Turmoil in the economy and environmental upheaval: it’s an interesting time to head up an engineering institute. Christopher Snowden, taking on the presidency of the Institution of Engineering and Technology (IET) this year, takes the view that it’s an opportunity for engineers, both for technology and industry to take over from finance as the powerhouse of the economy, and to find solutions to energy conservation and climate change.
But this is the UK; a country where, many believe, engineering has been underappreciated, overlooked and discounted for years. How to restore technologists to their proper standing is something which Snowden, a microwave technology specialist and now vice-chancellor and chief executive of the University of Surrey, has high on the agenda for his year at the top of the IET.
It’s a familiar complaint that the UK is bad at exploiting its technological innovations, but Snowden doesn’t agree. ‘Just because you’ve come up with something, doesn’t necessarily mean that the best place to exploit it is in the same country,’ he said. ‘We’ve actually done a pretty good job of it; there are an awful lot of spin-offs companies originating from UK research. But for example, in my own university, we invented the quantum dot laser which is now used in CD and DVD players, but that had a lineage where Philips acquired the technology and brought it to the world. We shouldn’t feel bad because we don’t commercialise everything we discover, as long as we commercialise enough of it to keep our industry healthy.’
“A lot of my colleagues say that the exciting projects are all done now and that’s why engineering isn’t popular. It’s just not true.”
The IET is a relatively new organisation, formed in 2006 from the merger of the Institute of Electrical Engineers and the Institution of Incorporated Engineers. As such, it’s representing the interests of a far wider variety of engineers than it used to, and Snowden is becoming very conscious of the problems of societal standing that has relegated engineering to the back of many people’s minds.
‘People always hark back to the Brunel type projects, and I grew up in an era where men were landing on the moon and we were developing Concorde; those were times when engineering was very visible,’ he said. ‘A lot of my colleagues say that the exciting projects are all done now and that’s why engineering isn’t popular. It’s just not true.’
Snowden points to the Large Hadron Collider as an example of charismatic engineering: ‘It’s seen as a physics experiment but it’s 99 percent engineering; it’s engineers that are helping the scientists with the most exciting work that’s happening today, by finding ways to keep it the coldest place in the universe.’ Moreover, he’d claim the iconic Apple iPod as the result of engineering: ‘An English engineer designed it. These days you have to think about the concept of these things – a lot of ideas, designs and concepts exist in a virtual space, unlike in the days of Brunel, and the boundaries between engineer, designer and so on are much softer.’

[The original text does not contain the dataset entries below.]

(* Let $\alpha\ge0$ and $0\le\beta<1$. Every $f\in\mathcal{W}_{\mathcal{H}}^0(\alpha,\beta)$ is a close-to-convex harmonic mapping of $\mathbb{D}$; in particular it is univalent in $\mathbb{D}$.
   Context: Let $\mathbb{D}=\{z\in\mathbb{C}:|z|<1\}$. $\mathcal{H}^0$ denotes the class of harmonic maps $f=h+\overline{g}$ on $\mathbb{D}$, with $h,g$ analytic in $\mathbb{D}$, $h(z)=z+\sum_{n\ge2}a_nz^n$ and $g(z)=\sum_{n\ge2}b_nz^n$. For $\alpha\ge0$, $0\le\beta<1$, $\mathcal{W}_{\mathcal{H}}^0(\alpha,\beta)$ denotes the class of $f=h+\overline{g}\in\mathcal{H}^0$ such that $\Re\big(h'(z)+\alpha zh''(z)-\beta\big)>|g'(z)+\alpha zg''(z)|$ for all $z\in\mathbb{D}$. A harmonic map $f$ on $\mathbb{D}$ is close-to-convex if it is univalent and the complement of $f(\mathbb{D})$ can be written as a union of non-intersecting half-lines. *)

theory Defs
  imports "HOL-Analysis.Analysis"
begin

abbreviation unit_disk :: "complex set" where
  "unit_disk \<equiv> ball 0 1"

text \<open>Class H^0: harmonic maps f = h + conj g with h, g analytic in the disk,
  h(z) = z + sum_{n>=2} a_n z^n, g(z) = sum_{n>=2} b_n z^n, i.e.
  h(0)=0, h'(0)=1, g(0)=0, g'(0)=0.  Represented by the pair (h,g).\<close>
definition class_H0 :: "(complex \<Rightarrow> complex) \<Rightarrow> (complex \<Rightarrow> complex) \<Rightarrow> bool" where
  "class_H0 h g \<longleftrightarrow> h holomorphic_on unit_disk \<and> g holomorphic_on unit_disk \<and>
     h 0 = 0 \<and> deriv h 0 = 1 \<and> g 0 = 0 \<and> deriv g 0 = 0"

definition class_WH0 :: "real \<Rightarrow> real \<Rightarrow> (complex \<Rightarrow> complex) \<Rightarrow> (complex \<Rightarrow> complex) \<Rightarrow> bool" where
  "class_WH0 \<alpha> \<beta> h g \<longleftrightarrow> class_H0 h g \<and>
     (\<forall>z\<in>unit_disk. Re (deriv h z + of_real \<alpha> * z * deriv (deriv h) z - of_real \<beta>)
                     > cmod (deriv g z + of_real \<alpha> * z * deriv (deriv g) z))"

definition half_line :: "complex set \<Rightarrow> bool" where
  "half_line S \<longleftrightarrow> (\<exists>a d. d \<noteq> 0 \<and> S = {a + of_real t * d | t. t \<ge> 0})"

definition close_to_convex :: "(complex \<Rightarrow> complex) \<Rightarrow> bool" where
  "close_to_convex f \<longleftrightarrow> inj_on f unit_disk \<and>
     (\<exists>L. (\<forall>S\<in>L. half_line S) \<and> pairwise disjnt L \<and> \<Union>L = - (f ` unit_disk))"

end

theory Submission
  imports Defs "HOL-Complex_Analysis.Complex_Analysis" "HOL-Real_Asymp.Real_Asymp"
begin

text \<open>
  Integrating the defining inequality along radii gives \<open>Re h' > |g'| + \<beta> \<ge> |g'|\<close> on the disk:
  for a suitable unimodular \<open>\<epsilon>\<close>, positivity of \<open>Re (q + \<alpha> z q')\<close> with
  \<open>q = h' + \<epsilon> g' - \<beta>\<close> propagates \<open>Re q > 0\<close> from the origin outwards.
  Hence \<open>f = h + conj g\<close> is a strictly monotone operator on the disk, i.e.
  \<open>\<langle>z\<^sub>2 - z\<^sub>1, f z\<^sub>2 - f z\<^sub>1\<rangle> > 0\<close>, and in particular injective.

  For a continuous strictly monotone map \<open>f\<close> of the unit ball, every \<open>u\<close> outside the image
  admits exactly one unit vector \<open>p\<close> with \<open>\<langle>z - p, f z - u\<rangle> \<ge> 0\<close> for all \<open>z\<close> in the ball:
  existence comes from Brouwer's fixed point theorem applied to the dilations \<open>f (r z)\<close>,
  \<open>r \<rightarrow> 1\<close>, uniqueness from strict monotonicity. The points \<open>u\<close> belonging to a fixed \<open>p\<close>
  form a closed set invariant under \<open>u \<mapsto> u + t p\<close>, \<open>t \<ge> 0\<close>, and disjoint from the image,
  so the complement of the image is the disjoint union of the half-lines it cuts out of
  the lines in direction \<open>p\<close>.
\<close>

section \<open>Radial integration of the defining inequality\<close>

lemma pos_at_1_if_pos_plus_mult_deriv:
  fixes u u' :: "real \<Rightarrow> real" and a :: real
  assumes deriv: "\<And>s. s \<in> {0..1} \<Longrightarrow> (u has_real_derivative u' s) (at s)"
    and "a \<ge> 0" and "u 0 > 0"
    and pos: "\<And>s. s \<in> {0..1} \<Longrightarrow> u s + a * s * u' s > 0"
  shows "u 1 > 0"
proof (rule ccontr)
  assume "\<not> u 1 > 0"
  define S where "S = {0..1} \<inter> u -` {..0}"
  have "continuous_on {0..1} u"
    using deriv by (meson DERIV_isCont continuous_at_imp_continuous_on)
  then have "closed S"
    unfolding S_def by (rule continuous_closed_preimage) auto
  moreover have "1 \<in> S" and bdd: "bdd_below S"
    using \<open>\<not> u 1 > 0\<close> unfolding S_def by auto
  ultimately have "Inf S \<in> S"
    using closed_contains_Inf by blast
  define s where "s = Inf S"
  have s: "s \<in> {0..1}" "u s \<le> 0"
    using \<open>Inf S \<in> S\<close> unfolding s_def S_def by auto
  with \<open>u 0 > 0\<close> have "s > 0"
    by (metis atLeastAtMost_iff less_eq_real_def not_le)
  have below: "u r > 0" if "0 \<le> r" "r < s" for r
    using cInf_lower[OF _ bdd, of r] that s unfolding s_def S_def by force
  \<comment> \<open>at the first zero \<open>s\<close> of \<open>u\<close> the hypothesis forces \<open>u' s > 0\<close>, incompatible with \<open>u > 0\<close> on \<open>[0, s)\<close>\<close>
  from pos[OF s(1)] s(2) have "a * s * u' s > 0"
    by linarith
  with \<open>a \<ge> 0\<close> \<open>s > 0\<close> have "u' s > 0"
    by (smt (verit) mult_nonneg_nonneg zero_less_mult_iff)
  then obtain d where "d > 0" and d: "\<And>r. r > 0 \<Longrightarrow> r < d \<Longrightarrow> u (s - r) < u s"
    using DERIV_pos_inc_left[OF deriv[OF s(1)]] by blast
  define r where "r = min (d/2) (s/2)"
  have "u (s - r) < u s" and "u (s - r) > 0"
    using d below[of "s - r"] \<open>d > 0\<close> \<open>s > 0\<close> unfolding r_def by auto
  with s show False
    by linarith
qed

The achievements of UK engineers are highly visible — Snowden nominates not only the jet engine but even the winglets used on all modern airliners, which were invented at Cranfield, and the quantum dot laser, ubiquitous in most homes at the heart of CD and DVD players, invented at his home base of the University of Surrey. So why is engineering so neglected here? Snowden thinks it’s down to how engineering, and technology in general, is presented in our education system.
‘You’ve only got to go across the Channel to France and Germany, where they put a much greater emphasis on mathematics and the sciences, but not in the sense that they are difficult subjects. In our country, that’s how young people perceive them. Why’s that? It’s the way you’re taught.’
“At the moment, most of the government thinking about getting young people into engineering and technology is focused on what happens at A level, but that’s far too late.”
Snowden thinks that the abstraction of much maths and science teaching is what makes these subjects so daunting. ‘Many youngsters find mathematics inaccessible, and it gets even more challenging when you get to A level and things like partial differential equations. The very words strike fear into students’ faces. But I’ve taught partial differentials at university level and if you show people what they actually are – what phenomena they describe, what they mean, and how they’re used – people change their attitudes.’
Part of this could be down to role models. ‘Teachers themselves are the most important role models. We need more teachers who are actually scientists, engineers and maybe mathematicians themselves, who understand how the disciplines work and how they are applied in the real world, to enthuse and encourage people about these careers.’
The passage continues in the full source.